Robinhood equity token now live on Swarm | finder.com

Robinhood equity token now live on Swarm

Andrew Munro 16 August 2018 NEWS

Tokenised equity is all-around fascinating, especially for cryptocurrency enthusiasts and lawyers.

Robinhood equity tokens are now live on Swarm.

What does that mean?

It means people can now purchase shares of the Robinhood trading platform itself, in the form of cryptocurrency-like digital tokens (Robinhood Equity Tokens, RHET). The equity part is nothing new since it’s more or less just like shares. The novel element is the tokenisation.

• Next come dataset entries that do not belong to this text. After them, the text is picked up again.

lemma alpha_bounds:
  fixes h t \<alpha> N :: real
  assumes h: "2 \<le> h" and t: "3 \<le> t" and \<alpha>: "\<alpha> = 1 / (2 * (h + 1) * t\<^sup>2)"
    and N: "t\<^sup>2 / \<alpha> ^ 3 \<le> N"
  shows "0 < \<alpha>" "\<alpha> \<le> 1/2" "4 * h \<le> N" "t \<le> \<alpha> * sqrt N"
proof -
  define D where "D = 2 * (h + 1) * t\<^sup>2"
  have "1 \<le> t\<^sup>2" using t power_mono[OF _ , of 1 t 2] by simp
  then have D: "2 * (h + 1) \<le> D" using h mult_left_mono[of 1 "t\<^sup>2" "2 * (h + 1)"] by (simp add: D_def)
  then have "2 \<le> D" using h by simp
  moreover have \<alpha>D: "\<alpha> = 1 / D" using \<alpha> by (simp add: D_def)
  ultimately show \<alpha>0: "0 < \<alpha>" and \<alpha>_half: "\<alpha> \<le> 1/2"
    using divide_left_mono[of 2 D 1] by simp_all
  have "t / \<alpha> = D * t" using \<alpha> D by (simp add: D_def)
  then have R: "4 * h \<le> t / \<alpha>" "1 \<le> t / \<alpha>"
    using D h t mult_mono[OF D(1) t] by (auto simp: algebra_simps)
  have "(t / \<alpha>)\<^sup>2 \<le> t\<^sup>2 / \<alpha> ^ 3"
    using \<alpha>0 \<alpha>_half by (simp add: power_divide divide_left_mono power_decreasing)
  with N have R2: "(t / \<alpha>)\<^sup>2 \<le> N" by linarith
  moreover have "t / \<alpha> \<le> (t / \<alpha>)\<^sup>2"
  proof -
    have "t / \<alpha> * 1 \<le> t / \<alpha> * (t / \<alpha>)" using R(2) by (intro mult_left_mono) auto
    then show ?thesis by (simp only: power2_eq_square mult_1_right)
  qed
  ultimately show "4 * h \<le> N" using R(1) by linarith
  have "t / \<alpha> \<le> sqrt N" using R2 R(2) real_le_rsqrt by auto
  then show "t \<le> \<alpha> * sqrt N" using \<alpha>0 by (simp add: divide_le_eq mult.commute)
qed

“Secondary equities transactions and refinancing of legal entities which hold private company equity are not new in the United States,” said Philipp Pieper, CEO of Swarm Fund. “What’s new here is the tokenisation of these assets, and the doors opened by this innovation.

“One of the key innovations of tokenisation is that token owners can participate in the value creation of the very network they are part of. Swarm is bringing this paradigm shift to companies that are key players within this movement, but have yet to permit the network to participate.”



OPINION

Robinhood is a trading platform for both cryptocurrency and traditional assets, so RHET specifically is broadly similar, in some ways, to cryptocurrency tokens like Binance Coin (BNB) and KuCoin Shares (KCS) which entitle users to certain benefits on these exchange platforms – respectively, discounted fees and dividends from total trade volumes.

The key difference is that equity tokens like RHET can, in a way, represent a formal, legal share in a company rather than just being a kind of coupon guaranteed only by the platform itself.

Although in this case, it might technically be more accurate to describe RHET as a semi-official share of an official share of a company. Someone else is holding the equity itself, while the tokens represent a stake in that equity. Same difference?

Whether this is technically the same as buying and selling equity itself is a legally grey fascinating area that many lawyers are probably going to have a lot of fun with in the future.

The fun has already started, with Coinbase previously sending Swarm a cease-and-desist notice for offering tokenised Coinbase equity, while Swarm remains confident that it was all obtained legally and through registered brokers.

The broad order of operations for RHET is as follows:

  • RHET tokens are being pre-sold. Those who buy RHET are reserving a share of Robinhood equity down the line.
  • Once the RHET fundraising goal is reached, Swarm will use those funds to purchase Robinhood equity through already-established channels. In this case, it will be through relationships with former employees and other equity holders.
  • Ownership of that purchased equity will be determined by RHET holdings.
  • RHET tokens are now functionally Robinhood equity itself.

It’s worth noting that Swarm equity tokens are built to SRC20 standards. This is a particular set of standards for tokenised real-world assets, where token data includes information such as function, legal rights, location, transfer restrictions and everything else needed to formally describe ownership and entitlements.

The SRC20 standard itself has not been legally enshrined, but cryptocurrencies can be subject to existing securities laws, so equity tokens are arguably just as legally bound as “traditional” shares.

It’s not entirely clear whether Robinhood as a company approves of its equity being tokenised and bought and sold or if it gave permission for it to be – or whether it even matters one way or another.


Disclosure: At the time of writing, the author holds ETH, IOTA, ICX, VET, XLM, BTC and ADA.

Disclaimer: This information should not be interpreted as an endorsement of cryptocurrency or any specific provider, service or offering. It is not a recommendation to trade. Cryptocurrencies are speculative, complex and involve significant risks – they are highly volatile and sensitive to secondary activity. Performance is unpredictable and past performance is no guarantee of future performance. Consider your own circumstances, and obtain your own advice, before relying on this information. You should also verify the nature of any product or service (including its legal status and relevant regulatory requirements) and consult the relevant Regulators' websites before making any decision. Finder, or the author, may have holdings in the cryptocurrencies discussed.